The AMA just announced that physicians and other providers participating in the federal and state health insurance exchanges may not be paid if patients don’t pay their premiums due to a 90-day “grace period” before the policy can be canceled. The AMA says this is a “little known” rule. Hundreds of thousands of physicians and other providers eschewing exchange patients have known this since 2010. Physicians and providers who did not know, need to.

That’s because the Affordable Care Act gives people signing up under healthcare.gov or state insurance exchanges three months to pay their premiums, and to be “fully insured” during that period whether they pay or not.

Insurers are on the hook for benefits for the first month, and providers for the other two. In fairness, insurers are supposed to notify providers if premiums have not been paid. In reality, the programming that is supposed to provide that information largely hasn’t been written yet and what has doesn’t work so well.

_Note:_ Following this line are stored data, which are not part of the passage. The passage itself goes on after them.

lemma Hcomp_supported_on_card:
  assumes "\<forall>v\<in>S. H \<tau> i v \<in> supported_on A" "finite A"
  shows "\<exists>B. finite B \<and> card B \<le> card A \<and> (\<forall>v\<in>S. H \<tau> (i + k) v \<in> supported_on B)"
proof (induction k)
  case (Suc k)
  then obtain B where B: "finite B" "card B \<le> card A" "\<forall>v\<in>S. H \<tau> (i + k) v \<in> supported_on B"
    by blast
  let ?B' = "basis_target ((\<tau> + (i + k)) mod l) ` B"
  have "finite ?B'" "card ?B' \<le> card A"
    using B le_trans[OF card_image_le[OF B(1)] B(2)] by auto
  moreover have "\<forall>v\<in>S. H \<tau> (i + Suc k) v \<in> supported_on ?B'"
    using B(3) Hmap_supported_on_image by simp
  ultimately show ?case by blast
qed (use assms in \<open>auto intro!: exI[of _ A]\<close>)

lemma Hcomp_supported_on_initial:
  assumes "\<tau> < l" "\<forall>t<l. fs t < fs \<tau> \<longrightarrow> maximal fs iseq t" "1 \<le> i" "v \<in> Mtau g"
  shows "H \<tau> i v \<in> supported_on {1..fs \<tau>}"
  using assms(3)
proof (induction i)
  case (Suc i)
  show ?case
  proof (cases "i = 0")
    case True
    then show ?thesis using Fmap_supported_on[OF assms(1)] assms
      by (simp add: Hmap_def Mtau_eq_supported_on)
  next
    case False
    define t where "t = (\<tau> + i) mod l"
    have "t < l" using assms(1) by (simp add: t_def)
    have IH: "H \<tau> i v \<in> supported_on {1..fs \<tau>}" using Suc False by simp
    show ?thesis
    proof (cases "fs \<tau> \<le> fs t")
      case True
      then show ?thesis using Fmap_preserves_supported_on[OF \<open>t < l\<close> True IH]
        by (simp add: Hmap_def t_def[symmetric] Let_def)
    next
      case False
      then show ?thesis
        using Fmap_plus_V'map_preserves_supported_on[OF \<open>t < l\<close> _ _ fs_le_g[OF assms(1)] IH] assms(2) \<open>t < l\<close>
        by (simp add: Hmap_def t_def[symmetric] Let_def plus_fun_def)
    qed
  qed
qed simp

lemma proj_supported_on: "v \<in> supported_on A \<Longrightarrow> proj fs iseq t v \<in> supported_on A"
  by (auto simp: proj_def supported_on_def)

lemma proj_supported_on_of_not_maximal:
  assumes "t < l" "\<not> maximal fs iseq t" "v \<in> supported_on {1..fs t}"
  shows "proj fs iseq t v \<in> supported_on (iseq t ` {1..fs t - 1})"
proof -
  have "m \<in> iseq t ` {1..fs t - 1}" if m: "m \<in> {1..fs t}" "m \<in> iseq t ` {1..fs t}" for m
  proof -
    obtain k where k: "k \<in> {1..fs t}" "m = iseq t k" using m(2) by auto
    have "k \<noteq> fs t" using not_maximal_iseq_last[OF assms(1,2)] m k by auto
    then show ?thesis using k by auto
  qed
  then show ?thesis using assms(3) by (auto simp: proj_def supported_on_def)
qed

lemma orbit_index:
  assumes "\<tau> < l" "t < l"
  obtains i where "i < l" "(\<tau> + i) mod l = t"
proof
  show "(t + l - \<tau>) mod l < l" using assms by simp
  have "(\<tau> + (t + l - \<tau>) mod l) mod l = (\<tau> + (t + l - \<tau>)) mod l" by (rule mod_add_right_eq)
  also have "\<tau> + (t + l - \<tau>) = t + l" using assms(1) by simp
  finally show "(\<tau> + (t + l - \<tau>) mod l) mod l = t" using assms(2) by simp
qed

lemma Hcomp_small_support_of_not_maximal:
  assumes "\<tau> < l" "\<forall>t<l. fs t < fs \<tau> \<longrightarrow> maximal fs iseq t"
    and "t < l" "t \<noteq> \<tau>" "fs t = fs \<tau>" "\<not> maximal fs iseq t"
  obtains B where "finite B" "card B < fs \<tau>" "\<forall>v\<in>Mtau g. H \<tau> l v \<in> supported_on B"
proof -
  obtain i where i: "i < l" "(\<tau> + i) mod l = t" using orbit_index[OF assms(1,3)] .
  have "i \<noteq> 0" using i assms(1,4) by (cases i) auto
  have lowered: "\<forall>v\<in>Mtau g. H \<tau> (Suc i) v \<in> supported_on {1..fs \<tau> - 1}"
  proof
    fix v :: "nat \<Rightarrow> 'k" assume v: "v \<in> Mtau g"
    have "H \<tau> i v \<in> supported_on {1..fs t}"
      using Hcomp_supported_on_initial[OF assms(1,2) _ v] \<open>i \<noteq> 0\<close> assms(5) by simp
    from Fmap_lowers_supported_on_of_not_maximal[OF assms(3,6) this]
    show "H \<tau> (Suc i) v \<in> supported_on {1..fs \<tau> - 1}"
      using i(2) assms(5) by (simp add: Hmap_def Let_def)
  qed
  from Hcomp_supported_on_card[OF lowered, of "l - Suc i"] i(1) obtain B where
    B: "finite B" "card B \<le> fs \<tau> - 1" "\<forall>v\<in>Mtau g. H \<tau> l v \<in> supported_on B"
    by auto
  moreover have "1 \<le> fs \<tau>" using assms(5,6) by (auto simp: maximal_def)
  ultimately have "card B < fs \<tau>" by simp
  then show ?thesis using that B(1,3) by blast
qed

lemma maximal_of_kdim:
  assumes "\<tau> < l" "\<forall>t<l. fs t < fs \<tau> \<longrightarrow> maximal fs iseq t"
    and dim: "kdim (proj fs iseq \<tau> ` H \<tau> l ` Mtau g) = fs \<tau>"
    and "t < l" "fs t = fs \<tau>"
  shows "maximal fs iseq t"
proof (rule ccontr)
  assume not_max: "\<not> maximal fs iseq t"
  obtain B where B: "finite B" "card B < fs \<tau>"
    "proj fs iseq \<tau> ` H \<tau> l ` Mtau g \<subseteq> supported_on B"
  proof (cases "t = \<tau>")
    case True
    have "1 \<le> l" using assms(1) by simp
    then have "\<forall>v\<in>Mtau g. proj fs iseq \<tau> (H \<tau> l v) \<in> supported_on (iseq \<tau> ` {1..fs \<tau> - 1})"
      using proj_supported_on_of_not_maximal[OF assms(1)] not_max True
        Hcomp_supported_on_initial[OF assms(1,2)] by blast
    moreover have "card (iseq \<tau> ` {1..fs \<tau> - 1}) < fs \<tau>"
      using card_image_le[of "{1..fs \<tau> - 1}" "iseq \<tau>"] not_max True by (auto simp: maximal_def)
    ultimately show ?thesis using that by blast
  next
    case False
    obtain B where "finite B" "card B < fs \<tau>" "\<forall>v\<in>Mtau g. H \<tau> l v \<in> supported_on B"
      using Hcomp_small_support_of_not_maximal[OF assms(1,2,4) False assms(5) not_max] .
    then show ?thesis using that[of B] by (auto intro: proj_supported_on)
  qed
  then have "kdim (proj fs iseq \<tau> ` H \<tau> l ` Mtau g) \<le> card B" by (intro kdim_le_card) auto
  then show False using dim B by simp
qed

end

lemma sorted_list_of_set_levels_induct:
  fixes h :: "'a \<Rightarrow> 'b::linorder" and A :: "'a set"
  defines "L \<equiv> sorted_list_of_set (h ` A)"
  assumes "finite A" "u < length L"
    and step: "\<And>i a. i \<le> u \<Longrightarrow> \<forall>b\<in>A. h b < L ! i \<longrightarrow> P b \<Longrightarrow> a \<in> A \<Longrightarrow> h a = L ! i \<Longrightarrow> P a"
  shows "a \<in> A \<Longrightarrow> h a \<le> L ! u \<Longrightarrow> P a"
proof -
  have set_L: "set L = h ` A" using assms(2) by (simp add: L_def)
  have strict: "sorted_wrt (<) L" by (simp add: L_def strict_sorted_list_of_set)
  have nth_less_iff: "L ! i < L ! j \<longleftrightarrow> i < j" if "i < length L" "j < length L" for i j
    using that sorted_wrt_nth_less[OF strict] by (metis linorder_neqE_nat order.asym order.irrefl)
  have index: "\<exists>i<length L. h a = L ! i" if "a \<in> A" for a
    using that set_L by (metis image_eqI in_set_conv_nth)
  have level: "\<forall>a\<in>A. h a = L ! i \<longrightarrow> P a" if "i \<le> u" for i
    using that
  proof (induction i rule: less_induct)
    case (less i)
    have "P b" if "b \<in> A" "h b < L ! i" for b
    proof -
      obtain k where "k < length L" "h b = L ! k" using index[OF \<open>b \<in> A\<close>] by blast
      then show ?thesis using less that assms(3) nth_less_iff[of k i] by auto
    qed
    then show ?case using step less.prems by blast
  qed
  assume "a \<in> A" "h a \<le> L ! u"
  then obtain k where "k < length L" "h a = L ! k" using index by blast
  then show "P a" using level[of k] \<open>a \<in> A\<close> \<open>h a \<le> L ! u\<close> assms(3) nth_less_iff[of u k] by force
qed

theorem theorem4p6:
  fixes l g u :: nat and f fs :: "nat \<Rightarrow> nat" and jseq iseq :: "nat \<Rightarrow> nat \<Rightarrow> nat"
    and tauu :: "nat \<Rightarrow> nat"
    and \<sigma> :: "'p::prime_card kbar \<Rightarrow> 'p kbar"
  defines "\<sigma> \<equiv> frob"
  assumes l_pos: "l \<ge> 1" and g_pos: "g \<ge> 1"
    and f_sum: "\<forall>t<l. f t + fs t = g"
    and j_mono: "\<forall>t<l. strict_mono_on {1..f t} (jseq t)"
    and i_mono: "\<forall>t<l. strict_mono_on {1..fs t} (iseq t)"
    and ji_cover: "\<forall>t<l. jseq t ` {1..f t} \<union> iseq t ` {1..fs t} = {1..g}"
    and ji_disj: "\<forall>t<l. jseq t ` {1..f t} \<inter> iseq t ` {1..fs t} = {}"
    and tauu_def: "\<forall>v\<in>{1..length (sorted_list_of_set (fs ` {0..<l}))}.
          tauu v < l \<and> fs (tauu v) = sorted_list_of_set (fs ` {0..<l}) ! (v - 1)"
    and u_range: "1 \<le> u" "u \<le> length (sorted_list_of_set (fs ` {0..<l}))"
    and dim_hyp: "\<forall>j\<in>{1..u}.
          kdim (proj fs iseq (tauu j) ` Hcomp \<sigma> l g f fs jseq iseq (tauu j) l ` Mtau g)
            = sorted_list_of_set (fs ` {0..<l}) ! (j - 1)"
  shows "\<forall>t<l. fs t \<le> sorted_list_of_set (fs ` {0..<l}) ! (u - 1) \<longrightarrow> maximal fs iseq t"
proof (intro allI impI)
  let ?L = "sorted_list_of_set (fs ` {0..<l})"
  interpret setup_A \<sigma> l g f fs jseq iseq
    by unfold_locales (use f_sum j_mono i_mono ji_cover ji_disj in \<open>auto simp: \<sigma>_def frob_zero\<close>)
  fix t assume t: "t < l" "fs t \<le> ?L ! (u - 1)"
  show "maximal fs iseq t"
  proof (rule sorted_list_of_set_levels_induct[where A = "{0..<l}" and h = fs and u = "u - 1"
        and P = "maximal fs iseq" and a = t])
    show "finite {0..<l}" "u - 1 < length ?L" "t \<in> {0..<l}" "fs t \<le> ?L ! (u - 1)"
      using t u_range by auto
    fix i s
    assume i: "i \<le> u - 1" and below: "\<forall>b\<in>{0..<l}. fs b < ?L ! i \<longrightarrow> maximal fs iseq b"
      and s: "s \<in> {0..<l}" "fs s = ?L ! i"
    define \<tau> where "\<tau> = tauu (Suc i)"
    have \<tau>: "\<tau> < l" "fs \<tau> = ?L ! i"
      using tauu_def i u_range by (auto simp: \<tau>_def)
    have "kdim (proj fs iseq \<tau> ` H \<tau> l ` Mtau g) = fs \<tau>"
      using dim_hyp i u_range \<tau>(2) by (auto simp: \<tau>_def)
    moreover have "\<forall>b<l. fs b < fs \<tau> \<longrightarrow> maximal fs iseq b"
      using below \<tau>(2) by simp
    ultimately show "maximal fs iseq s"
      using maximal_of_kdim[OF \<tau>(1)] s \<tau>(2) by simp
  qed
qed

Insurers are indemnified for 80 percent of any losses by law. Physicians and other providers are on their own.

Considering that pre-existing conditions must be covered by law, this 90-day free ride can run up some real bills and stick you with them even though services were approved by you in good faith. “Good faith” is the part insurers and providers are bound by, but the exchanges are not.

So, how can practices protect themselves, short of dropping out of exchange plans?

Legally, you can’t other than requiring copays and deductibles at the point of service to mitigate the risk.

For those of you who have been excluded from the insurance exchange plans, a thank you note to the insurer is probably in order.

Those of you who have been included in insurance exchange plans need to continue with open eyes, extreme caution, and ensure your voter registration is in good order.

Candidates promising to fix the multitude of unfunded mandates are sure to be popular in the healthcare community.